Some C++ developers using a BLAS wrapper would encounter performance issues that relate to limitations in the design of the BLAS' interface itself. Here are three such issues:
It is not optimized for tiny matrices and vectors.
It has no way for users to control composition of parallelism, such as what parallelism policy to use, or to control nested parallelism.
Implementations have no way to optimize across multiple linear algebra operations.
The C++ interface outlined above has the right hooks to resolve these issues. In summary:
The interface already permits specializing algorithms for
mdspan
with compile-time dimensions. The mdarray
container class
(P1684) can eliminate any possible overhead
from creating a view of a small matrix or vector.

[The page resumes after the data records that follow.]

lemma M_alpha_maps_cube:
  assumes alpha: "admissible_alpha p d \<alpha>" and avg: "averaging_mapping I p d M"
  shows "M_alpha p d \<alpha> M ` cube I p \<subseteq> cube I p"
proof
  fix y assume "y \<in> M_alpha p d \<alpha> M ` cube I p"
  then obtain x where x: "x \<in> cube I p" and y: "y = M_alpha p d \<alpha> M x" by blast
  have "M i (\<lambda>j. if j < d i then x (\<alpha> i j) else 0) \<in> I" if "i < p" for i
    using avg M_alpha_argument_in_cube[OF alpha x that] that
    unfolding averaging_mapping_def is_mean_def by blast
  then show "y \<in> cube I p"
    unfolding y cube_def M_alpha_def by simp
qed

lemma M_alpha_mono:
  assumes alpha: "admissible_alpha p d \<alpha>"
    and nd: "\<forall>i<p. nondecreasing_mean I (d i) (M i)"
    and x: "x \<in> cube I p" and y: "y \<in> cube I p" and le: "\<forall>j<p. x j \<le> y j"
  shows "\<forall>i<p. M_alpha p d \<alpha> M x i \<le> M_alpha p d \<alpha> M y i"
proof (intro allI impI)
  fix i assume i: "i < p"
  have "\<forall>j<d i. (if j < d i then x (\<alpha> i j) else 0) \<le> (if j < d i then y (\<alpha> i j) else 0)"
    using alpha le i unfolding admissible_alpha_def by simp
  then show "M_alpha p d \<alpha> M x i \<le> M_alpha p d \<alpha> M y i"
    using nd i M_alpha_argument_in_cube[OF alpha x i] M_alpha_argument_in_cube[OF alpha y i]
    unfolding nondecreasing_mean_def M_alpha_def by simp
qed

lemma M_alpha_scale:
  assumes alpha: "admissible_alpha p d \<alpha>"
    and hom: "\<forall>i<p. pos_homogeneous (d i) (M i)"
    and x: "x \<in> cube {0<..} p" and t: "t > 0"
  shows "M_alpha p d \<alpha> M (\<lambda>j. t * x j) = (\<lambda>i. t * M_alpha p d \<alpha> M x i)"
proof
  fix i
  show "M_alpha p d \<alpha> M (\<lambda>j. t * x j) i = t * M_alpha p d \<alpha> M x i"
  proof (cases "i < p")
    case True
    have "(\<lambda>j. if j < d i then t * x (\<alpha> i j) else 0)
        = (\<lambda>j. t * (if j < d i then x (\<alpha> i j) else 0))"
      by auto
    then show ?thesis
      using hom M_alpha_argument_in_cube[OF alpha x True] t True
      unfolding M_alpha_def pos_homogeneous_def by simp
  qed (simp add: M_alpha_def)
qed

lemma funpow_M_alpha_mono:
  assumes alpha: "admissible_alpha p d \<alpha>" and avg: "averaging_mapping I p d M"
    and nd: "\<forall>i<p. nondecreasing_mean I (d i) (M i)"
    and "x \<in> cube I p" "y \<in> cube I p" "\<forall>j<p. x j \<le> y j"
  shows "\<forall>i<p. ((M_alpha p d \<alpha> M) ^^ n) x i \<le> ((M_alpha p d \<alpha> M) ^^ n) y i"
  using funpow_preserves_relation[OF M_alpha_maps_cube[OF alpha avg], of "\<lambda>x y. \<forall>j<p. x j \<le> y j"]
    M_alpha_mono[OF alpha nd] assms(4-6)
  by blast

lemma funpow_M_alpha_scale:
  assumes alpha: "admissible_alpha p d \<alpha>" and avg: "averaging_mapping {0<..} p d M"
    and hom: "\<forall>i<p. pos_homogeneous (d i) (M i)"
    and x: "x \<in> cube {0<..} p" and t: "t > 0"
  shows "((M_alpha p d \<alpha> M) ^^ n) (\<lambda>j. t * x j) = (\<lambda>i. t * ((M_alpha p d \<alpha> M) ^^ n) x i)"
proof -
  have "M_alpha p d \<alpha> M (\<lambda>j. t * ((M_alpha p d \<alpha> M ^^ k) x) j)
      = (\<lambda>i. t * M_alpha p d \<alpha> M ((M_alpha p d \<alpha> M ^^ k) x) i)" for k
    using M_alpha_scale[OF alpha hom funpow_in_invariant_set[OF M_alpha_maps_cube[OF alpha avg] x] t] .
  then show ?thesis
    using funpow_commute[where f = "\<lambda>y j. t * y j" and c = "M_alpha p d \<alpha> M"] by metis
qed

lemma nondecreasing_limit_of_M_alpha_iterates:
  assumes alpha: "admissible_alpha p d \<alpha>" and avg: "averaging_mapping I p d M"
    and nd: "\<forall>i<p. nondecreasing_mean I (d i) (M i)" and "i < p"
    and lim: "\<forall>x\<in>cube I p. (\<lambda>n. ((M_alpha p d \<alpha> M) ^^ n) x i) \<longlonglongrightarrow> K x"
  shows "nondecreasing_mean I p K"
  unfolding nondecreasing_mean_def
proof (intro ballI impI)
  fix x y assume x: "x \<in> cube I p" and y: "y \<in> cube I p" and le: "\<forall>j<p. x j \<le> y j"
  have "((M_alpha p d \<alpha> M) ^^ n) x i \<le> ((M_alpha p d \<alpha> M) ^^ n) y i" for n
    using funpow_M_alpha_mono[OF alpha avg nd x y le] \<open>i < p\<close> by blast
  then show "K x \<le> K y"
    using LIMSEQ_le lim x y by blast
qed

lemma pos_homogeneous_limit_of_M_alpha_iterates:
  assumes alpha: "admissible_alpha p d \<alpha>" and avg: "averaging_mapping {0<..} p d M"
    and hom: "\<forall>i<p. pos_homogeneous (d i) (M i)"
    and lim: "\<forall>x\<in>cube {0<..} p. (\<lambda>n. ((M_alpha p d \<alpha> M) ^^ n) x i) \<longlonglongrightarrow> K x"
  shows "pos_homogeneous p K"
  unfolding pos_homogeneous_def
proof (intro ballI allI impI)
  fix x and t :: real assume x: "x \<in> cube {0<..} p" and t: "t > 0"
  have "(\<lambda>j. t * x j) \<in> cube {0<..} p"
    using x t unfolding cube_def by simp
  then have "(\<lambda>n. ((M_alpha p d \<alpha> M) ^^ n) (\<lambda>j. t * x j) i) \<longlonglongrightarrow> K (\<lambda>j. t * x j)"
    using lim by blast
  then have "(\<lambda>n. t * ((M_alpha p d \<alpha> M) ^^ n) x i) \<longlonglongrightarrow> K (\<lambda>j. t * x j)"
    by (simp add: funpow_M_alpha_scale[OF alpha avg hom x t])
  moreover have "(\<lambda>n. t * ((M_alpha p d \<alpha> M) ^^ n) x i) \<longlonglongrightarrow> t * K x"
    using lim x by (simp add: tendsto_mult_left)
  ultimately show "K (\<lambda>j. t * x j) = t * K x"
    using LIMSEQ_unique by blast
qed

theorem corollary3p2:
  fixes I :: "real set" and p :: nat and d :: "nat \<Rightarrow> nat"
    and \<alpha> :: "nat \<Rightarrow> nat \<Rightarrow> nat"
    and M :: "nat \<Rightarrow> (nat \<Rightarrow> real) \<Rightarrow> real"
    and K :: "(nat \<Rightarrow> real) \<Rightarrow> real"
  assumes I: "is_interval I"
    and p: "p \<ge> 1"
    and d: "\<forall>i<p. d i \<ge> 1"
    and alpha: "admissible_alpha p d \<alpha>"
    and avg: "averaging_mapping I p d M"
    and erg: "root_graph_ergodic {..<p} (incidence_edges p d \<alpha>)"
    and cont: "\<forall>i<p. continuous_on (cube I (d i)) (M i)"
    and strict: "\<forall>i<p. strict_mean I (d i) (M i)"
    and K: "\<forall>x\<in>cube I p. \<forall>i<p.
              (\<lambda>n. ((M_alpha p d \<alpha> M) ^^ n) x i) \<longlonglongrightarrow> K x"
  shows "(\<forall>x\<in>cube I p. K (M_alpha p d \<alpha> M x) = K x)
    \<and> ((\<forall>i<p. nondecreasing_mean I (d i) (M i)) \<longrightarrow> nondecreasing_mean I p K)
    \<and> ((I = {0<..} \<and> (\<forall>i<p. pos_homogeneous (d i) (M i))) \<longrightarrow>
         (\<forall>n. \<forall>x\<in>cube I p. \<forall>t>0. \<forall>i<p.
             ((M_alpha p d \<alpha> M) ^^ n) (\<lambda>j. t * x j) i = t * ((M_alpha p d \<alpha> M) ^^ n) x i)
         \<and> pos_homogeneous p K)"
proof -
  (* Ergodicity, continuity and strictness only serve to make K exist; here K is given. *)
  have "0 < p" using p by simp
  have maps: "M_alpha p d \<alpha> M ` cube I p \<subseteq> cube I p"
    using M_alpha_maps_cube[OF alpha avg] .
  have lim0: "\<And>x. x \<in> cube I p \<Longrightarrow> (\<lambda>n. ((M_alpha p d \<alpha> M) ^^ n) x 0) \<longlonglongrightarrow> K x"
    using K \<open>0 < p\<close> by blast
  show ?thesis
  proof (intro conjI impI ballI)
    show "K (M_alpha p d \<alpha> M x) = K x" if "x \<in> cube I p" for x
      using tendsto_iterates_invariant[where g = "\<lambda>y. y 0", OF maps that lim0] .
    show "nondecreasing_mean I p K" if "\<forall>i<p. nondecreasing_mean I (d i) (M i)"
      using nondecreasing_limit_of_M_alpha_iterates[OF alpha avg that \<open>0 < p\<close>] lim0 by blast
  next
    assume "I = {0<..} \<and> (\<forall>i<p. pos_homogeneous (d i) (M i))"
    then have half_line: "I = {0<..}" and hom: "\<forall>i<p. pos_homogeneous (d i) (M i)" by auto
    show "\<forall>n. \<forall>x\<in>cube I p. \<forall>t>0. \<forall>i<p.
        ((M_alpha p d \<alpha> M) ^^ n) (\<lambda>j. t * x j) i = t * ((M_alpha p d \<alpha> M) ^^ n) x i"
      using funpow_M_alpha_scale[OF alpha avg[unfolded half_line] hom] half_line by simp
    show "pos_homogeneous p K"
      using pos_homogeneous_limit_of_M_alpha_iterates[OF alpha avg[unfolded half_line] hom] lim0 half_line by blast
  qed
qed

It also gives convenient value semantics for small matrices and vectors.
Like the C++ Standard Library's algorithms, an optional
ExecutionPolicy&&
argument would be a hook to support parallel
execution and hierarchical parallelism,
analogous to the existing parallel standard algorithms.
Optimizing across multiple linear algebra operations is possible, but adds complications. We talk below about different ways to solve this problem. It's not clear whether general solutions belong in the C++ Standard Library.
"Tiny" could mean any of the following:
It's cheaper to pass the object by value than by pointer.
Function call or error checking overhead is significant.
The objects fit in registers or cache; memory bandwidth no longer limits performance.
The BLAS interface is not optimal for solving tiny problems as fast as possible, for the following reasons:
The BLAS is an external library; it cannot be inlined (at least not without costly interprocedural optimization).
The BLAS standard requires error checking and reporting (see above). For small problems, error checking might take more time than actually solving the problem.
The BLAS takes arrays by pointer, with run-time dimensions. Neither is optimal for very small matrices and vectors.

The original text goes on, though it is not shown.